* [Problem details]:
Using the listing below, please gather every line containing the word "moreover".

═══ Source data ═══

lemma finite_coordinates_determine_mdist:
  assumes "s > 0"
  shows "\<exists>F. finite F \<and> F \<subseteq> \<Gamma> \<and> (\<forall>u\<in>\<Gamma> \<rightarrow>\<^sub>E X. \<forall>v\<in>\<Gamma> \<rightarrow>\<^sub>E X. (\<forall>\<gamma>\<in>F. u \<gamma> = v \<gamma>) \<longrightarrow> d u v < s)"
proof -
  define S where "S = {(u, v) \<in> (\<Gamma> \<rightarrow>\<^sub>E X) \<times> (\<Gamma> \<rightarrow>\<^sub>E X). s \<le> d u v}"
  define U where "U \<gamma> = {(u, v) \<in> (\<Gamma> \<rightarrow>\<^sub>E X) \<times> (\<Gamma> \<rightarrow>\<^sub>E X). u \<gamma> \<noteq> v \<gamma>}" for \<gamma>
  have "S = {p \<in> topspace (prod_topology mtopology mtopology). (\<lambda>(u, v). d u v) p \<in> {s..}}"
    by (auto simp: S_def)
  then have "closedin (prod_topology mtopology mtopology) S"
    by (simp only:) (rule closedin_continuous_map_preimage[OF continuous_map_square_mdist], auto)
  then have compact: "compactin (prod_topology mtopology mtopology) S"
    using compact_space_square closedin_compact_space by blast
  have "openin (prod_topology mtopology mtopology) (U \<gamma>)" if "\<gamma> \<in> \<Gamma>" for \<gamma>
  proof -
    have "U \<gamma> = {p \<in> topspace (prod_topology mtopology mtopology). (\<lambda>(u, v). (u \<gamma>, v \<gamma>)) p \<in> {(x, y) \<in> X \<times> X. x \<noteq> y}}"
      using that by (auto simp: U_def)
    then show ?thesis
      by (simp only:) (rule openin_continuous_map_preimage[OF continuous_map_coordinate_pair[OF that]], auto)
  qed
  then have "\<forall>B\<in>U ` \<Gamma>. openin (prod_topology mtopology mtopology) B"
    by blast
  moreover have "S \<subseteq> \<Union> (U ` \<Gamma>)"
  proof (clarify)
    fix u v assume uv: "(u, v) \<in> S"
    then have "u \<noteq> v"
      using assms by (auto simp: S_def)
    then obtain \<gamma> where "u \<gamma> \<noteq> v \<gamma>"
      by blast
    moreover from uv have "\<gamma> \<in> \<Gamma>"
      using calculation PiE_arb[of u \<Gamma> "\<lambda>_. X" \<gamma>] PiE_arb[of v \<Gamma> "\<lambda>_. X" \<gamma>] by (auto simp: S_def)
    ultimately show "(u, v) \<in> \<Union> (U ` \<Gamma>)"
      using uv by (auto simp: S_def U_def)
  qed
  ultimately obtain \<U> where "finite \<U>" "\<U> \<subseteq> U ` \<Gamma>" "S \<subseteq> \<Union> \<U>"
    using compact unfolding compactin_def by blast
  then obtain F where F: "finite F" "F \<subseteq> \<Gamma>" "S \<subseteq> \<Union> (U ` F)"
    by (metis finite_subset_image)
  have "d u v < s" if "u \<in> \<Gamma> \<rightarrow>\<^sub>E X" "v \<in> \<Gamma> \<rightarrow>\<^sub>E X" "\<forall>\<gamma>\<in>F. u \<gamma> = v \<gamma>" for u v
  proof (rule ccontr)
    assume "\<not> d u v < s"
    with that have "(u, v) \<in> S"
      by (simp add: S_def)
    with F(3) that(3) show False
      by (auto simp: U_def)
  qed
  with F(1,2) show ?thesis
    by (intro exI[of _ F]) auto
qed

═══
═══ Source data ═══

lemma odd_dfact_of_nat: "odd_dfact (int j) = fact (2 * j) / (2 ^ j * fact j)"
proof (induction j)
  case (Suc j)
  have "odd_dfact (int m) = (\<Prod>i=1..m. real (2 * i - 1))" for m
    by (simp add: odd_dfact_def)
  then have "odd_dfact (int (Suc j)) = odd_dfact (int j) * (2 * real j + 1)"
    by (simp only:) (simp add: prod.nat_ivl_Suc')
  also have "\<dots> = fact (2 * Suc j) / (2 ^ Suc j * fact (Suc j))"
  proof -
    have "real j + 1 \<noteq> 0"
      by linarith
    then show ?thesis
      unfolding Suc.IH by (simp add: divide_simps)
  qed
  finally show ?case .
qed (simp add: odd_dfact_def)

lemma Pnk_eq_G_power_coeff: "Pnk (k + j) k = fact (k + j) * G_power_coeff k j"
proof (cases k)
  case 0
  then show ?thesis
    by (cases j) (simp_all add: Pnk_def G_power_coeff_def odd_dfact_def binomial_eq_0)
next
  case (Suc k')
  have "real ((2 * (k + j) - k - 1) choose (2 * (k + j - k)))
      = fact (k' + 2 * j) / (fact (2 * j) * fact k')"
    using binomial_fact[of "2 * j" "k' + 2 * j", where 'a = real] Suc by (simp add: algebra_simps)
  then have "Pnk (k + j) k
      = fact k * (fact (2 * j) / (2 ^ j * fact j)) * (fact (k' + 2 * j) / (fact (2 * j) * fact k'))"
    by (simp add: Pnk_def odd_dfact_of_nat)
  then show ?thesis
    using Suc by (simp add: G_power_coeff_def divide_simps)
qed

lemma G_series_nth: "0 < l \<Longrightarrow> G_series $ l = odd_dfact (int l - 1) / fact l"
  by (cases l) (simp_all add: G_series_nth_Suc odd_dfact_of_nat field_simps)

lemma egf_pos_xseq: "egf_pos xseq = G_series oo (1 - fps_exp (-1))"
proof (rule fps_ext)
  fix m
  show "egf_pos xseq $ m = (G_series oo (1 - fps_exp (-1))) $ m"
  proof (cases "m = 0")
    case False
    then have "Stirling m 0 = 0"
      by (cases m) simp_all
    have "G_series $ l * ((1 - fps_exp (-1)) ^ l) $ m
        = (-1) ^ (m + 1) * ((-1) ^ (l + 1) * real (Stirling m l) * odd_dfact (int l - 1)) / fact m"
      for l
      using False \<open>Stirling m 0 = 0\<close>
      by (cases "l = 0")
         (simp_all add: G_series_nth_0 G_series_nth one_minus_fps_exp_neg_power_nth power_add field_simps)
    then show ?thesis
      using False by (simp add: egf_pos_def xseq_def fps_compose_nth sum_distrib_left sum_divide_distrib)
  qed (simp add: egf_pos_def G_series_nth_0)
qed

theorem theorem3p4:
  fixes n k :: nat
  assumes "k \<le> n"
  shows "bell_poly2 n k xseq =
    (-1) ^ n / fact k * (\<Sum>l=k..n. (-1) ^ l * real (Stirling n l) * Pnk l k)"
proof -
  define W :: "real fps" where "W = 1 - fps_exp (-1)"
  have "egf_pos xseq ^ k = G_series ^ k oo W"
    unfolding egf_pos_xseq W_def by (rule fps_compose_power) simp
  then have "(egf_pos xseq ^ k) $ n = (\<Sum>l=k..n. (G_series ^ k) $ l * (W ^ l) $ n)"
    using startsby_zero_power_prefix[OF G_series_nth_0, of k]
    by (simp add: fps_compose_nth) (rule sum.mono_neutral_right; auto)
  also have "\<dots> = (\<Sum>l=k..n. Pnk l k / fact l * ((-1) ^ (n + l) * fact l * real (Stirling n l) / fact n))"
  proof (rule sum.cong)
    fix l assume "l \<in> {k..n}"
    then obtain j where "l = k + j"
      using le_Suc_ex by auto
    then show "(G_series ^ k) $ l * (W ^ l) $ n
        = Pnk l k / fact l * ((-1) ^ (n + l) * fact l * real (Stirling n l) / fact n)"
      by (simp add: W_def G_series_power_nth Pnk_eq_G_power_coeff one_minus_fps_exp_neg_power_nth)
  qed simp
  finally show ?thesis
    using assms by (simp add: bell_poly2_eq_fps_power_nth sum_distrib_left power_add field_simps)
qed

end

═══

* [Solution to this exercise]:
  moreover have "S \<subseteq> \<Union> (U ` \<Gamma>)"
    moreover from uv have "\<gamma> \<in> \<Gamma>"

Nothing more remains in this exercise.